Just FYI that this is low priority and we’re not blocked by anything:
We have had some headaches exporting heavily-annotated VCFs from Hail to Elasticsearch - during the export, Yarn shuts down a container for using too much memory, with a standard ERR_SPARK_FAILED_YARN_KILLED_MEMORY error and stack trace. Following Google/StackOverflow, upping the
spark.executor.memoryOverhead to something more like 15-20% of the
spark.executor.memory value appears to solve the problem. I have started using 20% without any appreciable impact on the executors during the analysis tasks.

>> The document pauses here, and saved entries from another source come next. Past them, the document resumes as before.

(* Let $\mathcal{M}$ be a finite $\mathcal{R}$-trivial monoid with generating set $\mathcal{S}$, let $R$ be a ring with $1\neq 0$, and let $\sigma\in\mathcal{M}$. Let $$T_{[\sigma]}:=\prod_{\tau\in\mathcal{L}^{\mathcal{S}}_\sigma} U_\tau\prod_{\kappa\in\mathcal{S}\setminus\mathcal{L}^{\mathcal{S}}_\sigma}(\mathrm{Id}-U_\kappa)\in\mathrm{Mat}(R,n),$$ with the factors multiplied in any order. Then for every $\mu\in\mathcal{M}$, $(T_{[\sigma]})_{\mu,\mu}=1$ if $\mu\sim\sigma$ and $(T_{[\sigma]})_{\mu,\mu}=0$ otherwise; this holds independently of the order of the factors.
   Context: $\mathcal{M}$ is $\mathcal{R}$-trivial: $\sigma\mathcal{M}=\tau\mathcal{M}$ implies $\sigma=\tau$; $n=\#\mathcal{M}$, and its elements are ordered so that $\#\sigma_1\mathcal{M}\ge\dots\ge\#\sigma_n\mathcal{M}$, with matrix entries indexed by elements of $\mathcal{M}$. $U_\sigma$ is the matrix with $(U_\sigma)_{\tau,\kappa}=1$ if $\tau\sigma=\kappa$ and $0$ otherwise. $\mathcal{L}_\sigma:=\{\tau\in\mathcal{M}:\sigma\tau=\sigma\}$, $\mathcal{L}^{\mathcal{S}}_\sigma:=\mathcal{L}_\sigma\cap\mathcal{S}$, and $\mu\sim\sigma$ (same loop-type) iff $\mathcal{L}_\mu=\mathcal{L}_\sigma$. *)

theory Defs
  imports "HOL-Analysis.Analysis"
begin

text \<open>The monoid M is the finite type 'm of class monoid_mult; matrices over the
ring 'r are indexed by elements of 'm, i.e. of type 'r ^ 'm ^ 'm
(entry (tau, kappa) is A $ tau $ kappa).\<close>

definition R_trivial :: "('m::monoid_mult) itself \<Rightarrow> bool" where
  "R_trivial _ \<longleftrightarrow> (\<forall>\<sigma> \<tau> :: 'm::monoid_mult. (\<lambda>x. \<sigma> * x) ` UNIV = (\<lambda>x. \<tau> * x) ` UNIV \<longrightarrow> \<sigma> = \<tau>)"

inductive_set generated_monoid :: "('m::monoid_mult) set \<Rightarrow> 'm set" for S where
  one: "1 \<in> generated_monoid S"
| step: "x \<in> generated_monoid S \<Longrightarrow> s \<in> S \<Longrightarrow> x * s \<in> generated_monoid S"

definition generates :: "('m::monoid_mult) set \<Rightarrow> bool" where
  "generates S \<longleftrightarrow> generated_monoid S = UNIV"

definition U_mat :: "('m::{monoid_mult,finite}) \<Rightarrow> (('r::ring_1, 'm) vec, 'm) vec" where
  "U_mat \<sigma> = (\<chi> \<tau> \<kappa>. if \<tau> * \<sigma> = \<kappa> then 1 else 0)"

definition loops :: "('m::monoid_mult) \<Rightarrow> 'm set" where
  "loops \<sigma> = {\<tau>. \<sigma> * \<tau> = \<sigma>}"

definition same_loop_type :: "('m::monoid_mult) \<Rightarrow> 'm \<Rightarrow> bool" where
  "same_loop_type \<mu> \<sigma> \<longleftrightarrow> loops \<mu> = loops \<sigma>"

definition T_factor :: "('m::{monoid_mult,finite}) set \<Rightarrow> 'm \<Rightarrow> 'm \<Rightarrow> (('r::ring_1, 'm) vec, 'm) vec" where
  "T_factor S \<sigma> \<kappa> = (if \<kappa> \<in> loops \<sigma> \<inter> S then U_mat \<kappa> else mat 1 - U_mat \<kappa>)"

definition T_prod :: "('m::{monoid_mult,finite}) set \<Rightarrow> 'm \<Rightarrow> 'm list \<Rightarrow> (('r::ring_1, 'm) vec, 'm) vec" where
  "T_prod S \<sigma> ks = foldr (\<lambda>\<kappa> A. T_factor S \<sigma> \<kappa> ** A) ks (mat 1)"

end

theory Submission
  imports Defs
begin

text \<open>In an \<open>\<R>\<close>-trivial monoid the relation ``\<open>\<kappa> \<in> \<tau> \<cdot> \<M>\<close>'' is a partial order, and all
  matrices \<open>U\<^sub>\<kappa>\<close> and \<open>Id - U\<^sub>\<kappa>\<close> are triangular with respect to it. Hence the diagonal of their
  product is the product of their diagonals: the \<open>\<mu>\<close>-th diagonal entry of the factor for \<open>\<kappa>\<close>
  is \<open>1\<close> iff \<open>\<kappa>\<close> is a loop at \<open>\<mu>\<close> exactly when it is one at \<open>\<sigma>\<close>. Since loops at \<open>\<mu>\<close> form a
  submonoid closed under factors (again by \<open>\<R>\<close>-triviality), agreeing on the generators means
  \<open>\<L>\<^sub>\<mu> = \<L>\<^sub>\<sigma>\<close>.\<close>

lemma R_trivial_antisym:
  assumes "R_trivial TYPE('m::monoid_mult)" and "(\<nu>::'m) = \<mu> * a" and "\<mu> = \<nu> * b"
  shows "\<nu> = \<mu>"
proof -
  have "(\<lambda>x. \<nu> * x) ` UNIV = (\<lambda>x. \<mu> * x) ` UNIV"
  proof (intro equalityI subsetI)
    fix z assume "z \<in> (\<lambda>x. \<nu> * x) ` UNIV"
    then obtain x where "z = \<mu> * (a * x)" using assms(2) by (auto simp: mult.assoc)
    thus "z \<in> (\<lambda>x. \<mu> * x) ` UNIV" by auto
  next
    fix z assume "z \<in> (\<lambda>x. \<mu> * x) ` UNIV"
    then obtain x where "z = \<nu> * (b * x)" using assms(3) by (auto simp: mult.assoc)
    thus "z \<in> (\<lambda>x. \<nu> * x) ` UNIV" by auto
  qed
  thus ?thesis using assms(1) unfolding R_trivial_def by blast
qed

lemma R_trivial_loop_mult_iff:
  assumes "R_trivial TYPE('m::monoid_mult)"
  shows "(\<nu>::'m) * (x * y) = \<nu> \<longleftrightarrow> \<nu> * x = \<nu> \<and> \<nu> * y = \<nu>"
proof
  assume loop: "\<nu> * (x * y) = \<nu>"
  then have "\<nu> * x = \<nu>"
    using R_trivial_antisym[OF assms, of "\<nu> * x" \<nu> x y] by (simp add: mult.assoc)
  with loop show "\<nu> * x = \<nu> \<and> \<nu> * y = \<nu>" by (metis mult.assoc)
qed (metis mult.assoc)

lemma R_trivial_same_loop_type_iff_generators:
  assumes "R_trivial TYPE('m::monoid_mult)" and "generates S"
  shows "same_loop_type (\<mu>::'m) \<sigma> \<longleftrightarrow> loops \<mu> \<inter> S = loops \<sigma> \<inter> S"
proof
  assume gens: "loops \<mu> \<inter> S = loops \<sigma> \<inter> S"
  have "\<mu> * x = \<mu> \<longleftrightarrow> \<sigma> * x = \<sigma>" if "x \<in> generated_monoid S" for x
    using that
  proof induction
    case (step x s)
    with gens show ?case
      by (auto simp: R_trivial_loop_mult_iff[OF assms(1)] loops_def)
  qed simp
  with assms(2) show "same_loop_type \<mu> \<sigma>"
    by (auto simp: generates_def same_loop_type_def loops_def)
qed (simp add: same_loop_type_def)

definition R_triangular :: "(('r::ring_1, 'm::{monoid_mult,finite}) vec, 'm) vec \<Rightarrow> bool" where
  "R_triangular A \<longleftrightarrow> (\<forall>\<tau> \<kappa>. A $ \<tau> $ \<kappa> \<noteq> 0 \<longrightarrow> (\<exists>w. \<kappa> = \<tau> * w))"

lemma R_triangular_mat_1: "R_triangular (mat 1)"
  unfolding R_triangular_def by (auto simp: mat_def intro: exI[of _ 1])

lemma R_triangular_U_mat: "R_triangular (U_mat \<kappa>)"
  unfolding R_triangular_def U_mat_def by auto

lemma R_triangular_diff:
  assumes "R_triangular A" "R_triangular B"
  shows "R_triangular (A - B)"
  using assms unfolding R_triangular_def by (metis diff_zero diff_self vector_minus_component)

lemma R_triangular_mult:
  assumes "R_triangular A" "R_triangular B"
  shows "R_triangular (A ** B)"
  unfolding R_triangular_def
proof (intro allI impI)
  fix \<tau> \<kappa>
  assume "(A ** B) $ \<tau> $ \<kappa> \<noteq> 0"
  then obtain \<nu> where "A $ \<tau> $ \<nu> * B $ \<nu> $ \<kappa> \<noteq> 0"
    by (metis (no_types, lifting) matrix_matrix_mult_def sum.neutral vec_lambda_beta)
  then have "A $ \<tau> $ \<nu> \<noteq> 0" "B $ \<nu> $ \<kappa> \<noteq> 0" by auto
  then obtain a b where "\<nu> = \<tau> * a" "\<kappa> = \<nu> * b"
    using assms unfolding R_triangular_def by blast
  then show "\<exists>w. \<kappa> = \<tau> * w" by (metis mult.assoc)
qed

lemma R_triangular_mult_diag:
  assumes "R_trivial TYPE('m)" and A: "R_triangular A" and B: "R_triangular B"
  shows "(A ** B) $ \<mu> $ \<mu> = A $ \<mu> $ \<mu> * B $ \<mu> $ (\<mu>::'m::{monoid_mult,finite})"
proof -
  have "A $ \<mu> $ \<nu> * B $ \<nu> $ \<mu> = 0" if "\<nu> \<noteq> \<mu>" for \<nu>
  proof (rule ccontr)
    assume "A $ \<mu> $ \<nu> * B $ \<nu> $ \<mu> \<noteq> 0"
    then obtain a b where "\<nu> = \<mu> * a" "\<mu> = \<nu> * b"
      using A B unfolding R_triangular_def by (metis mult_zero_left mult_zero_right)
    with that show False using R_trivial_antisym[OF assms(1)] by blast
  qed
  then have "(\<Sum>\<nu>\<in>UNIV - {\<mu>}. A $ \<mu> $ \<nu> * B $ \<nu> $ \<mu>) = 0" by simp
  then show ?thesis by (simp add: matrix_matrix_mult_def sum.remove[of UNIV \<mu>])
qed

lemma R_triangular_T_factor: "R_triangular (T_factor S \<sigma> \<kappa>)"
  by (simp add: T_factor_def R_triangular_U_mat R_triangular_diff R_triangular_mat_1)

lemma T_factor_diag:
  "T_factor S \<sigma> \<kappa> $ \<mu> $ \<mu> = (if \<kappa> \<in> loops \<sigma> \<inter> S \<longleftrightarrow> \<kappa> \<in> loops \<mu> then 1 else 0)"
  by (simp add: T_factor_def U_mat_def mat_def loops_def)

lemma R_triangular_T_prod: "R_triangular (T_prod S \<sigma> ks)"
  by (induction ks) (simp_all add: T_prod_def R_triangular_mat_1 R_triangular_mult R_triangular_T_factor)

lemma T_prod_diag:
  assumes "R_trivial TYPE('m::{monoid_mult,finite})"
  shows "(T_prod S \<sigma> ks :: (('r::ring_1, 'm) vec, 'm) vec) $ \<mu> $ \<mu> =
    (if \<forall>\<kappa>\<in>set ks. \<kappa> \<in> loops \<sigma> \<inter> S \<longleftrightarrow> \<kappa> \<in> loops \<mu> then 1 else 0)"
proof (induction ks)
  case Nil
  show ?case by (simp add: T_prod_def mat_def)
next
  case (Cons \<kappa> ks)
  have "(T_prod S \<sigma> (\<kappa> # ks) :: (('r, 'm) vec, 'm) vec) $ \<mu> $ \<mu> = (T_factor S \<sigma> \<kappa> ** T_prod S \<sigma> ks) $ \<mu> $ \<mu>"
    by (simp add: T_prod_def)
  also have "\<dots> = T_factor S \<sigma> \<kappa> $ \<mu> $ \<mu> * T_prod S \<sigma> ks $ \<mu> $ \<mu>"
    by (rule R_triangular_mult_diag[OF assms R_triangular_T_factor R_triangular_T_prod])
  also have "\<dots> = (if \<forall>\<kappa>'\<in>set (\<kappa> # ks). \<kappa>' \<in> loops \<sigma> \<inter> S \<longleftrightarrow> \<kappa>' \<in> loops \<mu> then 1 else 0)"
    by (simp add: T_factor_diag Cons.IH)
  finally show ?case .
qed

theorem mainTheorem7:
  fixes S :: "('m::{monoid_mult,finite}) set" and \<sigma> :: 'm
  assumes "R_trivial TYPE('m)"
    and "generates S"
    and "(1::'r::ring_1) \<noteq> 0"
  shows "\<forall>ks \<mu>. distinct ks \<and> set ks = S \<longrightarrow>
           (T_prod S \<sigma> ks :: (('r, 'm) vec, 'm) vec) $ \<mu> $ \<mu> = (if same_loop_type \<mu> \<sigma> then 1 else 0)"
proof (intro allI impI)
  fix ks and \<mu> :: 'm
  assume "distinct ks \<and> set ks = S"
  then have "(\<forall>\<kappa>\<in>set ks. \<kappa> \<in> loops \<sigma> \<inter> S \<longleftrightarrow> \<kappa> \<in> loops \<mu>) \<longleftrightarrow> loops \<mu> \<inter> S = loops \<sigma> \<inter> S"
    by blast
  then show "(T_prod S \<sigma> ks :: (('r, 'm) vec, 'm) vec) $ \<mu> $ \<mu> = (if same_loop_type \<mu> \<sigma> then 1 else 0)"
    by (simp add: T_prod_diag[OF assms(1)] R_trivial_same_loop_type_iff_generators[OF assms(1,2)])
qed

end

Very naively this makes some sense to me: for complex documents it’s possible to exceed the default 10% memoryOverhead that Spark reserves to other JVM processes, namely the Elasticsearch-connector. But I am not sure about any of this; all I did was Google and try out different Spark configurations. Changing the memory overhead makes me a bit nervous, so I just want to check that this is a reasonable change to the default cluster configuration for a workflow like this, and that there aren’t any obvious negative impacts I’m missing.
This is Hail 0.2, 150 cores at 27g, 4 cpu. Before the export I persisted the tables - could this be a problem? During the analysis tasks, I didn’t notice “too many” unsorted shuffle warnings (given that I am doing a lot of joins), ugly GC pauses, huge resource spikes, etc. Regardless I would have expected that to be cleaned up during persistence.